▸ PROBLEM TO WORK ON
Among the records below, find the line that has "with x y convex_onD[OF"; from there, give the lines again exactly, and stop after the line that has "add: N_def card_gt_0_iff)".

━━━━━━━━━━

text \<open>Only the bounds of \<open>\<nu>\<close> at \<open>y\<close> and the sign of \<open>\<nu>(Q)\<close> enter.\<close>
theorem lemma3p6:
  fixes \<mu> :: "(real^'n) measure" and \<epsilon> \<alpha> R r m\<^sub>\<nu> M\<^sub>\<nu> :: real
    and x0 :: "real^'n" and \<nu> :: "real^'n \<Rightarrow> real"
  assumes mu: "prob_space \<mu>" "sets \<mu> = sets borel"
    and eps: "\<epsilon> > 0"
    and alpha: "\<alpha> > 0" and R: "R > 0"
    and conv: "torus_strongly_convex_on {x::real^'n. tdist 0 x < R} \<alpha> (\<lambda>x. (tdist 0 x)\<^sup>2)"
    and rR: "r < R"
    and nu_meas: "\<nu> \<in> borel_measurable borel"
    and nu_per: "torus_periodic \<nu>"
    and nu_nonneg: "\<And>x. \<nu> x \<ge> 0"
    and nu_int: "set_integrable lborel torus_cube \<nu>"
    and nu_prob: "(\<integral>x\<in>torus_cube. \<nu> x \<partial>lborel) = 1"
    and m_pos: "0 < m\<^sub>\<nu>" and mM: "m\<^sub>\<nu> \<le> M\<^sub>\<nu>"
    and nu_bounds: "\<And>x. x \<in> tball x0 r \<Longrightarrow> m\<^sub>\<nu> \<le> \<nu> x \<and> \<nu> x \<le> M\<^sub>\<nu>"
  shows "\<forall>\<phi>. continuous_on UNIV \<phi> \<and> torus_periodic \<phi> \<longrightarrow>
    (\<forall>y\<in>tball x0 r.
      (let Q = tball x0 r;
           d = real CARD('n);
           \<nu>Q = (\<integral>x\<in>Q. \<nu> x \<partial>lborel);
           \<nu>\<^sub>Q = (\<lambda>x. \<nu> x / \<nu>Q);
           Z\<^sub>Q = (\<integral>x\<in>Q. exp (- (tdist x0 x)\<^sup>2 / \<alpha>) \<partial>lborel);
           \<gamma>\<^sub>Q = (\<lambda>x. exp (- (tdist x0 x)\<^sup>2 / \<alpha>) / Z\<^sub>Q);
           T = ctrans \<epsilon> \<mu> \<phi>;
           \<gamma>\<^sub>Q\<phi> = (\<lambda>x. \<gamma>\<^sub>Q x * exp (T x) / (\<integral>z\<in>Q. exp (T z) * \<gamma>\<^sub>Q z \<partial>lborel));
           volQ = measure lborel Q
       in m\<^sub>\<nu> * exp (- (r\<^sup>2 / \<alpha>) - 4 * pi\<^sup>2 * d) * (volQ / \<nu>Q) \<le> \<nu>\<^sub>Q y / \<gamma>\<^sub>Q\<phi> y
        \<and> \<nu>\<^sub>Q y / \<gamma>\<^sub>Q\<phi> y \<le> M\<^sub>\<nu> * exp (r\<^sup>2 / \<alpha> + 4 * pi\<^sup>2 * d) * (volQ / \<nu>Q)))"
proof (intro allI impI ballI, unfold Let_def, goal_cases)
  case (1 \<phi> y)
  then have \<phi>: "continuous_on UNIV \<phi>" "torus_periodic \<phi>" and y: "y \<in> tball x0 r"
    by auto
  obtain B where B: "\<And>x. \<bar>\<phi> x\<bar> \<le> B"
    using torus_periodic_bounded[OF \<phi>] by blast
  have borel_\<phi>: "\<phi> \<in> borel_measurable borel"
    using \<phi>(1) by (rule borel_measurable_continuous_onI)
  have [measurable]: "ctrans \<epsilon> \<mu> \<phi> \<in> borel_measurable borel"
    by (rule borel_measurable_ctrans[OF mu eps borel_\<phi> B])
  have E: "exp (ctrans \<epsilon> \<mu> \<phi> z) \<le> exp (4 * pi\<^sup>2 * real CARD('n)) * exp (ctrans \<epsilon> \<mu> \<phi> w)" for z w
    using ctrans_le_add[OF mu eps borel_\<phi> B, of z w] by (simp flip: exp_add)
  have "0 \<le> (\<integral>x\<in>tball x0 r. \<nu> x \<partial>lborel)"
    unfolding set_lebesgue_integral_def using nu_nonneg
    by (intro Bochner_Integration.integral_nonneg_AE AE_I2) (simp add: indicator_def)
  moreover have "tball x0 r \<in> sets lborel"
    by (simp add: tball_in_sets)
  moreover have "(\<lambda>x. exp (- (tdist x0 x)\<^sup>2 / \<alpha>)) \<in> borel_measurable lborel"
    and "(\<lambda>x. exp (ctrans \<epsilon> \<mu> \<phi> x)) \<in> borel_measurable lborel"
    by measurable
  ultimately show ?case
    using nu_bounds[OF y] m_pos exp_tdist_tball_le[OF alpha]
    by (intro tilted_density_ratio_bounds[OF _ emeasure_tball_finite y _ exp_gt_zero _ _ exp_gt_zero E])
      auto
qed
(* Let $p\in(1,+\infty)$. There exists $\bar C_{n,p}\in(0,+\infty)$ such that for every $v\in L^p(\mathbb R^n)$, every bounded open $\Omega'\subset\mathbb R^n$, every $s\in(0,1)$ and every $h\in\mathbb R^n$, $$\|\tau_hv-v\|^p_{L^p(\Omega')}\le\bar C_{n,p}\,|h|^{sp}(1-s)\int_{B_{|h|}}\frac{\|\tau_yv-v\|^p_{L^p(\Omega'_{|h|})}}{|y|^{n+sp}}\,dy.$$
   Context: $\tau_hf(\cdot):=f(\cdot+h)$; $B_r$ is the open ball of radius $r$ centered at $0$; for $t>0$, $\Omega'_t:=\{x\in\mathbb R^n: \operatorname{dist}(x,\Omega')\le t\}$. *)

theory Defs
  imports "HOL-Analysis.Analysis"
begin

definition nbhd :: "'a::euclidean_space set \<Rightarrow> real \<Rightarrow> 'a set" where
  "nbhd S t = {x. infdist x S \<le> t}"

definition Lp_pow :: "real \<Rightarrow> 'a::euclidean_space set \<Rightarrow> ('a \<Rightarrow> real) \<Rightarrow> ennreal" where
  "Lp_pow p S f = (\<integral>\<^sup>+ x \<in> S. ennreal (\<bar>f x\<bar> powr p) \<partial>lebesgue)"

end

theory Submission
  imports Defs
begin

text \<open>
  Fix a dyadic scale N = 2^k and put d = h/N. Telescoping v(x+h) - v(x) along x, x+d, ..., x+h
  and convexity of t^p bound ||\<tau>_h v - v||^p by N^(p-1) times a sum of N translates of
  ||\<tau>_d v - v||^p. Each of these is averaged over y in the ball E_k of radius |d|/8 around d/2,
  writing v(x+d) - v(x) = (v(x+d) - v(x+y)) + (v(x+y) - v(x)): as E_k is invariant under
  y \<mapsto> d - y, both terms average to ||\<tau>_y v - v||^p, and on E_k we have |y| \<approx> |d| and
  |E_k| \<approx> |d|^n. This gives
    2^(-kp(1-s)) ||\<tau>_h v - v||^p \<le> C |h|^(sp) \<integral>_{E_k} ||\<tau>_y v - v||^p / |y|^(n+sp) dy.
  The balls E_k are pairwise disjoint subsets of B_|h|, so summing over k produces the factor
  1 - 2^(-p(1-s)) \<le> p(1-s).
\<close>

lemma convex_on_powr_nonneg:
  assumes "1 \<le> p"
  shows "convex_on {0::real..} (\<lambda>x. x powr p)"
proof (rule convex_onI)
  fix t x y :: real
  assume t: "0 < t" "t < 1" and x: "x \<in> {0..}" and y: "y \<in> {0..}"
  show "((1 - t) *\<^sub>R x + t *\<^sub>R y) powr p \<le> (1 - t) * x powr p + t * y powr p"
  proof (cases "x = 0 \<or> y = 0")
    case False
    with x y convex_onD[OF powr_convex[OF assms], of t x y] t show ?thesis by simp
  next
    case True
    have "t powr p \<le> t" "(1 - t) powr p \<le> 1 - t"
      using t assms by (auto intro: powr_le_one_le)
    with True x y show ?thesis
      by (auto simp: powr_mult intro!: mult_right_mono)
  qed
qed simp

lemma abs_sum_powr_le:
  fixes b :: "'i \<Rightarrow> real"
  assumes "finite I" "I \<noteq> {}" "1 \<le> p"
  shows "\<bar>\<Sum>i\<in>I. b i\<bar> powr p \<le> real (card I) powr (p - 1) * (\<Sum>i\<in>I. \<bar>b i\<bar> powr p)"
proof -
  define N where "N = real (card I)"
  have N: "0 < N" using assms by (simp add: N_def card_gt_0_iff)
  have mean: "(\<Sum>i\<in>I. \<bar>b i\<bar>) = N * (\<Sum>i\<in>I. (1 / N) *\<^sub>R \<bar>b i\<bar>)"
    using N by (simp add: sum_distrib_left)
  have "\<bar>\<Sum>i\<in>I. b i\<bar> powr p \<le> (\<Sum>i\<in>I. \<bar>b i\<bar>) powr p"
    using assms by (intro powr_mono2) auto
  also have "\<dots> = N powr p * (\<Sum>i\<in>I. (1 / N) *\<^sub>R \<bar>b i\<bar>) powr p"
    using N by (simp add: mean powr_mult sum_nonneg)
  also have "\<dots> \<le> N powr p * (\<Sum>i\<in>I. (1 / N) * \<bar>b i\<bar> powr p)"
    using N assms
    by (intro mult_left_mono convex_on_sum[OF _ _ convex_on_powr_nonneg]) (auto simp: N_def)
  also have "\<dots> = N powr (p - 1) * (\<Sum>i\<in>I. \<bar>b i\<bar> powr p)"
    using N by (simp add: powr_diff sum_divide_distrib[symmetric])
  finally show ?thesis by (simp add: N_def)
qed

lemma one_minus_two_powr_neg_le:
  assumes "0 \<le> (x::real)"
  shows "1 - 2 powr (- x) \<le> x"
proof -
  have "1 + (- x * ln 2) \<le> 2 powr (- x)"
    using exp_ge_add_one_self[of "- x * ln 2"] by (simp add: powr_def)
  moreover have "x * ln 2 \<le> x"
    using assms ln_2_less_1 by (simp add: mult_left_le)
  ultimately show ?thesis by linarith
qed

lemma ennreal_le_of_geometric_bound:
  fixes L M :: ennreal and a :: "nat \<Rightarrow> ennreal" and q :: real
  assumes "0 \<le> q" "q < 1" "\<And>k. L * ennreal (q ^ k) \<le> M * a k"
  shows "L \<le> ennreal (1 - q) * M * (\<Sum>k. a k)"
proof -
  have "(\<Sum>k. ennreal (q ^ k)) = ennreal (1 / (1 - q))"
    using assms by (simp add: suminf_ennreal2 summable_geometric suminf_geometric)
  then have "L * ennreal (1 / (1 - q)) = (\<Sum>k. L * ennreal (q ^ k))"
    by simp
  also have "\<dots> \<le> (\<Sum>k. M * a k)"
    by (intro suminf_le assms(3)) auto
  finally have "L * ennreal (1 / (1 - q)) \<le> M * (\<Sum>k. a k)"
    by simp
  then have "L * ennreal (1 / (1 - q)) * ennreal (1 - q) \<le> M * (\<Sum>k. a k) * ennreal (1 - q)"
    by (rule mult_right_mono) simp
  moreover have "L * ennreal (1 / (1 - q)) * ennreal (1 - q) = L"
    using assms by (simp add: mult.assoc ennreal_mult[symmetric])
  ultimately show ?thesis
    by (simp add: mult_ac)
qed

lemma ennreal_mult_le_imp_le_scaled:
  fixes L I :: ennreal
  assumes "ennreal a * L \<le> ennreal b * I" "0 < a" "0 \<le> b" "0 \<le> c"
  shows "L * ennreal c \<le> ennreal (b * c / a) * I"
proof -
  have "L * ennreal c = (ennreal a * L) * ennreal (c / a)"
    using assms by (simp add: ennreal_mult[symmetric] mult_ac)
  also have "\<dots> \<le> (ennreal b * I) * ennreal (c / a)"
    using assms(1) by (rule mult_right_mono) simp
  also have "\<dots> = ennreal (b * c / a) * I"
    using assms by (simp add: ennreal_mult[symmetric] mult_ac)
  finally show ?thesis .
qed

lemma Lp_pow_lborel:
  "Lp_pow p S f = (\<integral>\<^sup>+x\<in>S. ennreal (\<bar>f x\<bar> powr p) \<partial>lborel)"
  by (simp add: Lp_pow_def nn_integral_completion)

lemma nn_integral_lborel_translate:
  fixes g :: "'a::euclidean_space \<Rightarrow> ennreal"
  assumes "g \<in> borel_measurable borel"
  shows "(\<integral>\<^sup>+x. g (x + c) \<partial>lborel) = (\<integral>\<^sup>+x. g x \<partial>lborel)"
proof -
  have "(\<integral>\<^sup>+x. g x \<partial>lborel) = (\<integral>\<^sup>+x. g x \<partial>distr lborel borel ((+) c))"
    by (simp add: lborel_distr_plus)
  also have "\<dots> = (\<integral>\<^sup>+x. g (c + x) \<partial>lborel)"
    using assms by (simp add: nn_integral_distr)
  finally show ?thesis
    by (simp add: add.commute)
qed

lemma nn_integral_lborel_reflect:
  fixes g :: "'a::euclidean_space \<Rightarrow> ennreal"
  assumes "g \<in> borel_measurable borel"
  shows "(\<integral>\<^sup>+x. g (c - x) \<partial>lborel) = (\<integral>\<^sup>+x. g x \<partial>lborel)"
proof -
  have "(\<integral>\<^sup>+x. g x \<partial>lborel) = (\<integral>\<^sup>+x. g x \<partial>distr lborel borel (\<lambda>x. c + (-1) *\<^sub>R x))"
    using lborel_affine[of "-1" c] by (simp add: density_1)
  also have "\<dots> = (\<integral>\<^sup>+x. g (c - x) \<partial>lborel)"
    using assms by (simp add: nn_integral_distr)
  finally show ?thesis ..
qed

━━━━━━━━━━

▸ RESPONSE TO THE EXERCISE
    with x y convex_onD[OF powr_convex[OF assms], of t x y] t show ?thesis by simp
  next
    case True
    have "t powr p \<le> t" "(1 - t) powr p \<le> 1 - t"
      using t assms by (auto intro: powr_le_one_le)
    with True x y show ?thesis
      by (auto simp: powr_mult intro!: mult_right_mono)
  qed
qed simp

lemma abs_sum_powr_le:
  fixes b :: "'i \<Rightarrow> real"
  assumes "finite I" "I \<noteq> {}" "1 \<le> p"
  shows "\<bar>\<Sum>i\<in>I. b i\<bar> powr p \<le> real (card I) powr (p - 1) * (\<Sum>i\<in>I. \<bar>b i\<bar> powr p)"
proof -
  define N where "N = real (card I)"
  have N: "0 < N" using assms by (simp add: N_def card_gt_0_iff)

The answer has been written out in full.